Job complete! Status: succeeded 🎉
Try out your fine-tuned model:

openai api completions.create -m davinci:ft-personal-2023-06-17-17-15-03 -p <YOUR_PROMPT>


<h5>Results and expected model performance</h5>

In [62]:
!openai api fine_tunes.results -i ft-WmyiGqKm3uop96kRlMfKJG8z > result.csv



In [63]:
results = pd.read_csv('result.csv')
results[results['classification/accuracy'].notnull()].tail(1)

Unnamed: 0,step,elapsed_tokens,elapsed_examples,training_loss,training_sequence_accuracy,training_token_accuracy,validation_loss,validation_sequence_accuracy,validation_token_accuracy,classification/accuracy,classification/precision,classification/recall,classification/auroc,classification/auprc,classification/f1.0
1000,1001,229794,2002,0.013592,0.5,0.5,0.017348,0.0,0.0,0.524,0.0,0.0,0.484091,0.468847,0.0


In [None]:
test = pd.read_json('dataset_prepared_valid.jsonl', lines=True)
test.head()

The accuracy reaches 52.4%. This is same as that of scikit-learn models (see [here](https://github.com/sankalptambe/openai-model-ada-fine-tuned/blob/main/Comparing%20ChatGPT%20with%20sklearn%20models.ipynb)). 

The Ada model expects `~500` samples/category for good results (52.4% is due to the shitty dataset.

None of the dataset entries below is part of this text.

lemma probe_at:
  assumes "good (a # r)"
  shows "\<exists>\<mu>. \<mu> \<noteq> 0 \<and> probe (a + 1 - gap) (u_chain (a # r)) = sc \<mu> (chain zeta r)"
  unfolding probe_def
proof (rule Y2_Y1_pow_at)
  show "a + 1 - gap + gap = a + 1" using assms unfolding good_def by auto
  show "\<forall>q<length r. gap + (a + 1 - gap) \<le> r ! q"
    using assms unfolding good_def by (auto simp: all_set_conv_all_nth)
qed

lemma probe_leading_terms:
  assumes fin: "finite S" and good: "\<forall>\<rho>\<in>S. good \<rho>" and above: "\<forall>\<rho>\<in>S. j \<le> hd \<rho>"
    and j: "gap \<le> j"
  shows "\<exists>\<mu>. (\<forall>\<rho>\<in>S. \<mu> \<rho> \<noteq> 0) \<and> probe (j + 1 - gap) (\<Sum>\<rho>\<in>S. sc (c \<rho>) (u_chain \<rho>)) =
           (\<Sum>\<rho>\<in>{\<rho>\<in>S. hd \<rho> = j}. sc (c \<rho> * \<mu> \<rho>) (chain zeta (tl \<rho>)))"
proof -
  let ?n = "j + 1 - gap"
  let ?S1 = "{\<rho>\<in>S. hd \<rho> = j}"
  define \<mu> where "\<mu> \<rho> = (SOME m. m \<noteq> 0 \<and> probe ?n (u_chain \<rho>) = sc m (chain zeta (tl \<rho>)))"
    for \<rho>
  have \<mu>: "\<mu> \<rho> \<noteq> 0 \<and> probe ?n (u_chain \<rho>) = sc (\<mu> \<rho>) (chain zeta (tl \<rho>))" if "\<rho> \<in> ?S1" for \<rho>
  proof -
    from that have "\<rho> \<in> S" and hd: "hd \<rho> = j" by simp_all
    hence g: "good \<rho>" using good by blast
    then obtain a r where "\<rho> = a # r" unfolding good_def by blast
    hence \<rho>: "\<rho> = j # r" using hd by simp
    have "\<exists>m. m \<noteq> 0 \<and> probe ?n (u_chain (j # r)) = sc m (chain zeta r)"
      using probe_at[of j r] g unfolding \<rho> by blast
    hence "\<exists>m. m \<noteq> 0 \<and> probe ?n (u_chain \<rho>) = sc m (chain zeta (tl \<rho>))"
      unfolding \<rho> by simp
    from someI_ex[OF this] show ?thesis unfolding \<mu>_def .
  qed
  define \<mu>' where "\<mu>' \<rho> = (if hd \<rho> = j then \<mu> \<rho> else 1)" for \<rho>
  have \<mu>'_nonzero: "\<forall>\<rho>\<in>S. \<mu>' \<rho> \<noteq> 0" using \<mu> unfolding \<mu>'_def by simp
  have killed: "probe ?n (u_chain \<rho>) = 0" if "\<rho> \<in> S - ?S1" for \<rho>
  proof -
    from that have "\<rho> \<in> S" and hd: "hd \<rho> \<noteq> j" by simp_all
    hence g: "good \<rho>" and "j \<le> hd \<rho>" using good above by blast+
    hence lt: "j < hd \<rho>" using hd by simp
    obtain a r where \<rho>: "\<rho> = a # r" using g unfolding good_def by blast
    show ?thesis using probe_above[OF _ j] g lt unfolding \<rho> by simp
  qed
  have "probe ?n (\<Sum>\<rho>\<in>S. sc (c \<rho>) (u_chain \<rho>)) = (\<Sum>\<rho>\<in>S. sc (c \<rho>) (probe ?n (u_chain \<rho>)))"
    by (rule probe_combination)
  also have "\<dots> = (\<Sum>\<rho>\<in>?S1. sc (c \<rho>) (probe ?n (u_chain \<rho>)))"
    using fin killed by (intro sum.mono_neutral_right) auto
  also have "\<dots> = (\<Sum>\<rho>\<in>?S1. sc (c \<rho> * \<mu>' \<rho>) (chain zeta (tl \<rho>)))"
    using \<mu> by (intro sum.cong) (simp_all add: \<mu>'_def)
  finally show ?thesis using \<mu>'_nonzero by blast
qed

It is used just to compare the model performance).

In [None]:
results[results['classification/accuracy'].notnull()]['classification/accuracy'].plot()

<h4>Using the model</h4>

We can now call the model to get the predictions.

In [None]:
import openai

ft_model = 'ada:ft-personal-2023-06-17-10-47-01'
res = openai.Completion.create(model=ft_model, prompt=test['prompt'][1] + '\n\n###\n\n', max_tokens=1, temperature=0)
print('Actual value: ' + str(test['completion'][1]))
res['choices'][0]['text']

To get the log probabilities, we can specify logprobs parameter on the completion request

In [None]:
res = openai.Completion.create(model=ft_model, prompt=test['prompt'][0] + '\n\n###\n\n', max_tokens=1, temperature=0, logprobs=2)
res['choices'][0]['logprobs']['top_logprobs'][0]

By requesting log_probs, we can see the prediction (log) probability for each class.